- _Requirement_:
There is one span to output from the data below: the lines starting at the line with "using that by blast" and ending at the line with "x) \<le> x \<bullet> (A". Output it exactly, ends included, nothing more.

(Dataset entries)
═══
text \<open>Divide by the gcd g of the coefficients: if all quotients vanished in K, then
  g * CHAR(K) would divide g.\<close>

lemma int_relation_with_coeff_nonzero_in_field:
  fixes t :: "('z \<Rightarrow> int) set" and c :: "('z \<Rightarrow> int) \<Rightarrow> int"
  assumes "\<And>z. (\<Sum>w\<in>t. c w * w z) = 0" "w0 \<in> t" "c w0 \<noteq> 0"
  obtains c' :: "('z \<Rightarrow> int) \<Rightarrow> int" and w1
  where "\<And>z. (\<Sum>w\<in>t. c' w * w z) = 0" "w1 \<in> t" "of_int (c' w1) \<noteq> (0 :: 'k::field)"
proof -
  define g where "g = Gcd (c ` t)"
  have "g \<noteq> 0"
    using assms(2,3) by (auto simp: g_def)
  have g_dvd: "g dvd c w" if "w \<in> t" for w
    using that by (simp add: g_def Gcd_dvd)
  define c' where "c' w = c w div g" for w
  have "(\<Sum>w\<in>t. c' w * w z) = 0" for z
  proof -
    have "g * (\<Sum>w\<in>t. c' w * w z) = (\<Sum>w\<in>t. c w * w z)"
      unfolding sum_distrib_left
      by (rule sum.cong) (simp_all add: c'_def g_dvd mult.assoc [symmetric])
    then show ?thesis
      using assms(1) \<open>g \<noteq> 0\<close> by simp
  qed
  moreover have "\<exists>w1\<in>t. of_int (c' w1) \<noteq> (0 :: 'k)"
  proof (rule ccontr)
    assume no_witness: "\<not> (\<exists>w1\<in>t. of_int (c' w1) \<noteq> (0 :: 'k))"
    then have "g * int CHAR('k) dvd c w" if "w \<in> t" for w
    proof -
      have "int CHAR('k) dvd c' w"
        using no_witness that by (auto simp: of_int_eq_0_iff_char_dvd)
      then have "g * int CHAR('k) dvd g * c' w"
        by (rule mult_dvd_mono[OF dvd_refl])
      then show ?thesis
        using g_dvd[OF that] by (simp add: c'_def)
    qed
    then have "g * int CHAR('k) dvd Gcd (c ` t)"
      by (intro Gcd_greatest) auto
    then have "g * int CHAR('k) dvd g * 1"
      by (simp only: g_def [symmetric] mult_1_right)
    then have "int CHAR('k) dvd 1"
      using dvd_times_left_cancel_iff[OF \<open>g \<noteq> 0\<close>] by blast
    then show False
      by simp
  qed
  ultimately show ?thesis
    using that by blast
qed

lemma dependent_if_int_relation:
  fixes t :: "('z \<Rightarrow> int) set"
  assumes "finite t" and inj: "inj_on (\<lambda>v z. of_int (v z) :: 'k::field) t"
    and rel: "\<And>z. (\<Sum>w\<in>t. c w * w z) = 0" and "w1 \<in> t" "of_int (c w1) \<noteq> (0 :: 'k)"
  shows "fun_space.dependent ((\<lambda>v z. of_int (v z)) ` t :: ('z \<Rightarrow> 'k) set)"
proof -
  let ?K = "\<lambda>v z. of_int (v z) :: 'k"
  define u where "u v = (of_int (c (inv_into t ?K v)) :: 'k)" for v
  have "(\<Sum>v\<in>?K ` t. (\<lambda>z. u v * v z)) = 0"
  proof
    fix z
    have "(\<Sum>v\<in>?K ` t. (\<lambda>z. u v * v z)) z = of_int (\<Sum>w\<in>t. c w * w z)"
      by (simp add: sum_fun_apply sum.reindex[OF inj] u_def inv_into_f_f[OF inj])
    then show "(\<Sum>v\<in>?K ` t. (\<lambda>z. u v * v z)) z = 0 z"
      by (simp add: rel)
  qed
  moreover have "u (?K w1) \<noteq> 0"
    using assms(5) by (simp add: u_def inv_into_f_f[OF inj assms(4)])
  ultimately show ?thesis
    unfolding fun_space.dependent_explicit using assms(1,4) by blast
qed
lemma pos_def_cond_num_le:
  assumes A: "symmetric_mat A" and "0 < L"
    and below: "\<And>x. L * (x \<bullet> x) \<le> x \<bullet> (A *v x)"
    and above: "\<And>x. x \<bullet> (A *v x) \<le> U * (x \<bullet> x)"
  shows "pos_def A \<and> cond_num A \<le> U / L"
proof
  have "0 < x \<bullet> (A *v x)" if "x \<noteq> 0" for x
  proof -
    have "0 < L * (x \<bullet> x)" using \<open>0 < L\<close> that by simp
    with below[of x] show ?thesis by linarith
  qed
  with A show "pos_def A" unfolding pos_def_def by blast
  have "L \<le> lambda_min A" "lambda_max A \<le> U"
    using lambda_min_greatest[OF A below] lambda_max_least[OF A above] .
  with lambda_min_le_lambda_max[OF A] \<open>0 < L\<close> show "cond_num A \<le> U / L"
    unfolding cond_num_def by (intro frac_le) auto
qed

lemma sigma_min_sq_W_eq: "sigma_min_sq_W W = sigma_min_sq_X (transpose W)"
  unfolding sigma_min_sq_W_def sigma_min_sq_X_def by simp

lemma sigma_max_sq_W_eq: "sigma_max_sq_W W = sigma_max_sq_X (transpose W)"
  unfolding sigma_max_sq_W_def sigma_max_sq_X_def by simp

lemma
  shows sigma_min_sq_X_le: "sigma_min_sq_X X * (v \<bullet> v) \<le> (X *v v) \<bullet> (X *v v)"
    and sigma_max_sq_X_ge: "(X *v v) \<bullet> (X *v v) \<le> sigma_max_sq_X X * (v \<bullet> v)"
  unfolding sigma_min_sq_X_def sigma_max_sq_X_def gram_form[symmetric]
  by (simp_all add: lambda_min_le_form form_le_lambda_max symmetric_mat_gram)

lemma sigma_min_sq_X_nonneg: "0 \<le> sigma_min_sq_X X"
  unfolding sigma_min_sq_X_def
  by (rule lambda_min_greatest[OF symmetric_mat_gram]) (simp add: gram_form)

lemma sigma_max_sq_X_nonneg: "0 \<le> sigma_max_sq_X X"
  using sigma_min_sq_X_nonneg[of X] lambda_min_le_lambda_max[OF symmetric_mat_gram, of X]
  unfolding sigma_min_sq_X_def sigma_max_sq_X_def by linarith

definition unvec :: "real^('n \<times> 'k) \<Rightarrow> real^'k^'n" where
  "unvec x = (\<chi> j a. x $ (j, a))"

lemma sum_UNIV_prod:
  "sum f (UNIV :: ('a::finite \<times> 'b::finite) set) = (\<Sum>j\<in>UNIV. \<Sum>a\<in>UNIV. f (j, a))"
  by (simp add: sum.cartesian_product UNIV_Times_UNIV[symmetric] del: UNIV_Times_UNIV)

lemma inner_unvec_rows: "x \<bullet> y = (\<Sum>j\<in>UNIV. row j (unvec x) \<bullet> row j (unvec y))"
  unfolding inner_vec_def sum_UNIV_prod by (simp add: row_def unvec_def)

lemma inner_unvec_columns: "x \<bullet> y = (\<Sum>a\<in>UNIV. column a (unvec x) \<bullet> column a (unvec y))"
  unfolding inner_vec_def sum_UNIV_prod by (simp add: column_def unvec_def) (rule sum.swap)

lemma sum_swap3:
  "(\<Sum>a\<in>A. \<Sum>c\<in>C. \<Sum>b\<in>B. f a c b) = (\<Sum>c\<in>C. \<Sum>b\<in>B. \<Sum>a\<in>A. f a c b)"
  by (simp add: sum.swap[of _ A C] sum.swap[of _ A B])

lemma form_kron_outer:
  "x \<bullet> (kron A (outer w) *v x) = (unvec x *v w) \<bullet> (A *v (unvec x *v w))"
proof -
  have "x \<bullet> (kron A (outer w) *v x)
      = (\<Sum>j\<in>UNIV. \<Sum>a\<in>UNIV. x$(j,a) * (\<Sum>j'\<in>UNIV. \<Sum>b\<in>UNIV. A$j$j' * (w$a * w$b) * x$(j',b)))"
    by (simp add: inner_vec_def matrix_vector_mult_def kron_def outer_def sum_UNIV_prod)
  also have "\<dots> = (\<Sum>j\<in>UNIV. \<Sum>a\<in>UNIV. \<Sum>j'\<in>UNIV. \<Sum>b\<in>UNIV.
                     (x$(j,a) * w$a) * (A$j$j' * (x$(j',b) * w$b)))"
    by (simp add: sum_distrib_left) (intro sum.cong refl; simp add: mult_ac)
  also have "\<dots> = (\<Sum>j\<in>UNIV. \<Sum>j'\<in>UNIV. \<Sum>b\<in>UNIV. \<Sum>a\<in>UNIV.
                     (x$(j,a) * w$a) * (A$j$j' * (x$(j',b) * w$b)))"
    by (intro sum.cong refl, rule sum_swap3)
  also have "\<dots> = (\<Sum>j\<in>UNIV. (\<Sum>a\<in>UNIV. x$(j,a) * w$a) *
                     (\<Sum>j'\<in>UNIV. A$j$j' * (\<Sum>b\<in>UNIV. x$(j',b) * w$b)))"
    by (simp add: sum_distrib_left sum_distrib_right)
  finally show ?thesis by (simp add: inner_vec_def matrix_vector_mult_def unvec_def)
qed

lemma form_kron_mat_1:
  "x \<bullet> (kron A (mat 1) *v x) = (\<Sum>a\<in>UNIV. column a (unvec x) \<bullet> (A *v column a (unvec x)))"
proof -
  have "x \<bullet> (kron A (mat 1) *v x)
      = (\<Sum>j\<in>UNIV. \<Sum>a\<in>UNIV. x$(j,a) * (\<Sum>j'\<in>UNIV. \<Sum>b\<in>UNIV. A$j$j' * mat 1$a$b * x$(j',b)))"
    by (simp add: inner_vec_def matrix_vector_mult_def kron_def sum_UNIV_prod)
  also have "\<dots> = (\<Sum>j\<in>UNIV. \<Sum>a\<in>UNIV. x$(j,a) * (\<Sum>j'\<in>UNIV. A$j$j' * x$(j',a)))"
    by (intro sum.cong refl arg_cong2[where f="(*)"])
      (simp add: mat_def if_distrib if_distribR cong: if_cong)
  also have "\<dots> = (\<Sum>a\<in>UNIV. \<Sum>j\<in>UNIV. x$(j,a) * (\<Sum>j'\<in>UNIV. A$j$j' * x$(j',a)))"
    by (rule sum.swap)
  finally show ?thesis by (simp add: inner_vec_def matrix_vector_mult_def column_def unvec_def)
qed

lemma
  assumes "symmetric_mat A"
  shows lambda_min_le_form_kron_mat_1: "lambda_min A * (x \<bullet> x) \<le> x \<bullet> (kron A (mat 1) *v x)"
    and form_kron_mat_1_le_lambda_max: "x \<bullet> (kron A (mat 1) *v x) \<le> lambda_max A * (x \<bullet> x)"
  unfolding form_kron_mat_1 inner_unvec_columns[of x x] sum_distrib_left
  by (intro sum_mono lambda_min_le_form form_le_lambda_max assms)+

lemma sum_inner_mult_columns_eq_rows:
  fixes M :: "real^'k^'n" and W :: "real^'m^'k"
  shows "(\<Sum>i\<in>UNIV. (M *v column i W) \<bullet> (M *v column i W))
       = (\<Sum>j\<in>UNIV. (transpose W *v row j M) \<bullet> (transpose W *v row j M))"
  unfolding inner_vec_def
  by (simp add: matrix_vector_mult_def column_def row_def transpose_def mult.commute) (rule sum.swap)

lemma
  fixes W :: "real^'m^'k" and x :: "real^('n::finite \<times> 'k)"
  shows sigma_min_sq_W_le_sum_unvec: "sigma_min_sq_W W * (x \<bullet> x)
           \<le> (\<Sum>i\<in>UNIV. (unvec x *v column i W) \<bullet> (unvec x *v column i W))"
    and sum_unvec_le_sigma_max_sq_W: "(\<Sum>i\<in>UNIV. (unvec x *v column i W) \<bullet> (unvec x *v column i W))
           \<le> sigma_max_sq_W W * (x \<bullet> x)"
  unfolding sum_inner_mult_columns_eq_rows inner_unvec_rows[of x x] sum_distrib_left
    sigma_min_sq_W_eq sigma_max_sq_W_eq
  by (intro sum_mono sigma_min_sq_X_le sigma_max_sq_X_ge)+

lemma
  fixes s y :: "real^'n"
  assumes s: "\<And>j. s $ j \<in> {\<alpha>, 1}" and \<alpha>: "0 \<le> \<alpha>" "\<alpha> \<le> 1"
  shows diag_mat_mult_ge: "\<alpha>\<^sup>2 * (y \<bullet> y) \<le> (diag_mat s *v y) \<bullet> (diag_mat s *v y)"
    and diag_mat_mult_le: "(diag_mat s *v y) \<bullet> (diag_mat s *v y) \<le> y \<bullet> y"
proof -
  have Dy: "(diag_mat s *v y) \<bullet> (diag_mat s *v y) = (\<Sum>j\<in>UNIV. (s$j)\<^sup>2 * (y$j)\<^sup>2)"
    by (simp add: inner_vec_def matrix_vector_mult_def diag_mat_def if_distrib if_distribR
        power2_eq_square mult_ac cong: if_cong)
  have y: "y \<bullet> y = (\<Sum>j\<in>UNIV. (y$j)\<^sup>2)" by (simp add: inner_vec_def power2_eq_square)
  have "\<alpha>\<^sup>2 \<le> 1" using \<alpha> by (simp add: power_le_one)
  then have sj: "\<alpha>\<^sup>2 \<le> (s$j)\<^sup>2" "(s$j)\<^sup>2 \<le> 1" for j using s[of j] by auto
  show "\<alpha>\<^sup>2 * (y \<bullet> y) \<le> (diag_mat s *v y) \<bullet> (diag_mat s *v y)"
    unfolding Dy y sum_distrib_left by (intro sum_mono mult_right_mono sj) simp
  show "(diag_mat s *v y) \<bullet> (diag_mat s *v y) \<le> y \<bullet> y"
    unfolding Dy y by (intro sum_mono mult_left_le_one_le sj) simp_all
qed

lemma form_sandwich_gram:
  assumes "symmetric_mat D"
  shows "y \<bullet> ((D ** transpose X ** X ** D) *v y) = (X *v (D *v y)) \<bullet> (X *v (D *v y))"
proof -
  have "D ** transpose X ** X ** D = transpose (X ** D) ** (X ** D)"
    using assms by (simp add: symmetric_mat_def matrix_transpose_mul matrix_mul_assoc)
  then show ?thesis by (simp add: gram_form matrix_vector_mul_assoc)
qed

lemma
  fixes X :: "real^'n^'d" and W :: "real^'m^'k" and s :: "'m \<Rightarrow> real^'n" and x :: "real^('n \<times> 'k)"
  assumes s: "\<And>i j. s i $ j \<in> {\<alpha>, 1}" and \<alpha>: "0 \<le> \<alpha>" "\<alpha> \<le> 1"
  defines "F \<equiv> \<Sum>i\<in>UNIV. x \<bullet> (kron (diag_mat (s i) ** transpose X ** X ** diag_mat (s i))
                                   (outer (column i W)) *v x)"
  shows sigma_min_sq_le_form_sum_kron: "\<alpha>\<^sup>2 * sigma_min_sq_X X * sigma_min_sq_W W * (x \<bullet> x) \<le> F"
    and form_sum_kron_le_sigma_max_sq: "F \<le> sigma_max_sq_X X * sigma_max_sq_W W * (x \<bullet> x)"
proof -
  define y where "y i = unvec x *v column i W" for i
  define z where "z i = X *v (diag_mat (s i) *v y i)" for i
  have F: "F = (\<Sum>i\<in>UNIV. z i \<bullet> z i)"
    unfolding F_def z_def y_def form_kron_outer form_sandwich_gram[OF symmetric_mat_diag_mat] ..
  have z_ge: "\<alpha>\<^sup>2 * sigma_min_sq_X X * (y i \<bullet> y i) \<le> z i \<bullet> z i" for i
  proof -
    have "\<alpha>\<^sup>2 * sigma_min_sq_X X * (y i \<bullet> y i) = sigma_min_sq_X X * (\<alpha>\<^sup>2 * (y i \<bullet> y i))"
      by simp
    also have "\<dots> \<le> sigma_min_sq_X X * ((diag_mat (s i) *v y i) \<bullet> (diag_mat (s i) *v y i))"
      by (intro mult_left_mono diag_mat_mult_ge s \<alpha> sigma_min_sq_X_nonneg)
    also have "\<dots> \<le> z i \<bullet> z i" unfolding z_def by (rule sigma_min_sq_X_le)
    finally show ?thesis .
  qed
  have z_le: "z i \<bullet> z i \<le> sigma_max_sq_X X * (y i \<bullet> y i)" for i
  proof -
    have "z i \<bullet> z i \<le> sigma_max_sq_X X * ((diag_mat (s i) *v y i) \<bullet> (diag_mat (s i) *v y i))"
      unfolding z_def by (rule sigma_max_sq_X_ge)
    also have "\<dots> \<le> sigma_max_sq_X X * (y i \<bullet> y i)"
      by (intro mult_left_mono diag_mat_mult_le[where \<alpha> = \<alpha>] s \<alpha> sigma_max_sq_X_nonneg)
    finally show ?thesis .
  qed
  have "0 \<le> \<alpha>\<^sup>2 * sigma_min_sq_X X" using sigma_min_sq_X_nonneg[of X] by simp
  then have "\<alpha>\<^sup>2 * sigma_min_sq_X X * sigma_min_sq_W W * (x \<bullet> x)
      \<le> \<alpha>\<^sup>2 * sigma_min_sq_X X * (\<Sum>i\<in>UNIV. y i \<bullet> y i)"
    unfolding y_def mult.assoc[of "\<alpha>\<^sup>2 * sigma_min_sq_X X"]
    by (intro mult_left_mono sigma_min_sq_W_le_sum_unvec)
  also have "\<dots> \<le> F" unfolding F sum_distrib_left by (intro sum_mono z_ge)
  finally show "\<alpha>\<^sup>2 * sigma_min_sq_X X * sigma_min_sq_W W * (x \<bullet> x) \<le> F" .
  have "F \<le> sigma_max_sq_X X * (\<Sum>i\<in>UNIV. y i \<bullet> y i)"
    unfolding F sum_distrib_left by (intro sum_mono z_le)
  also have "\<dots> \<le> sigma_max_sq_X X * sigma_max_sq_W W * (x \<bullet> x)"
    unfolding y_def mult.assoc
    by (intro mult_left_mono sum_unvec_le_sigma_max_sq_W sigma_max_sq_X_nonneg)
  finally show "F \<le> sigma_max_sq_X X * sigma_max_sq_W W * (x \<bullet> x)" .
qed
═══
- _Worked solution_:
    using that by blast
qed

lemma dependent_if_int_relation:
  fixes t :: "('z \<Rightarrow> int) set"
  assumes "finite t" and inj: "inj_on (\<lambda>v z. of_int (v z) :: 'k::field) t"
    and rel: "\<And>z. (\<Sum>w\<in>t. c w * w z) = 0" and "w1 \<in> t" "of_int (c w1) \<noteq> (0 :: 'k)"
  shows "fun_space.dependent ((\<lambda>v z. of_int (v z)) ` t :: ('z \<Rightarrow> 'k) set)"
proof -
  let ?K = "\<lambda>v z. of_int (v z) :: 'k"
  define u where "u v = (of_int (c (inv_into t ?K v)) :: 'k)" for v
  have "(\<Sum>v\<in>?K ` t. (\<lambda>z. u v * v z)) = 0"
  proof
    fix z
    have "(\<Sum>v\<in>?K ` t. (\<lambda>z. u v * v z)) z = of_int (\<Sum>w\<in>t. c w * w z)"
      by (simp add: sum_fun_apply sum.reindex[OF inj] u_def inv_into_f_f[OF inj])
    then show "(\<Sum>v\<in>?K ` t. (\<lambda>z. u v * v z)) z = 0 z"
      by (simp add: rel)
  qed
  moreover have "u (?K w1) \<noteq> 0"
    using assms(5) by (simp add: u_def inv_into_f_f[OF inj assms(4)])
  ultimately show ?thesis
    unfolding fun_space.dependent_explicit using assms(1,4) by blast
qed
lemma pos_def_cond_num_le:
  assumes A: "symmetric_mat A" and "0 < L"
    and below: "\<And>x. L * (x \<bullet> x) \<le> x \<bullet> (A *v x)"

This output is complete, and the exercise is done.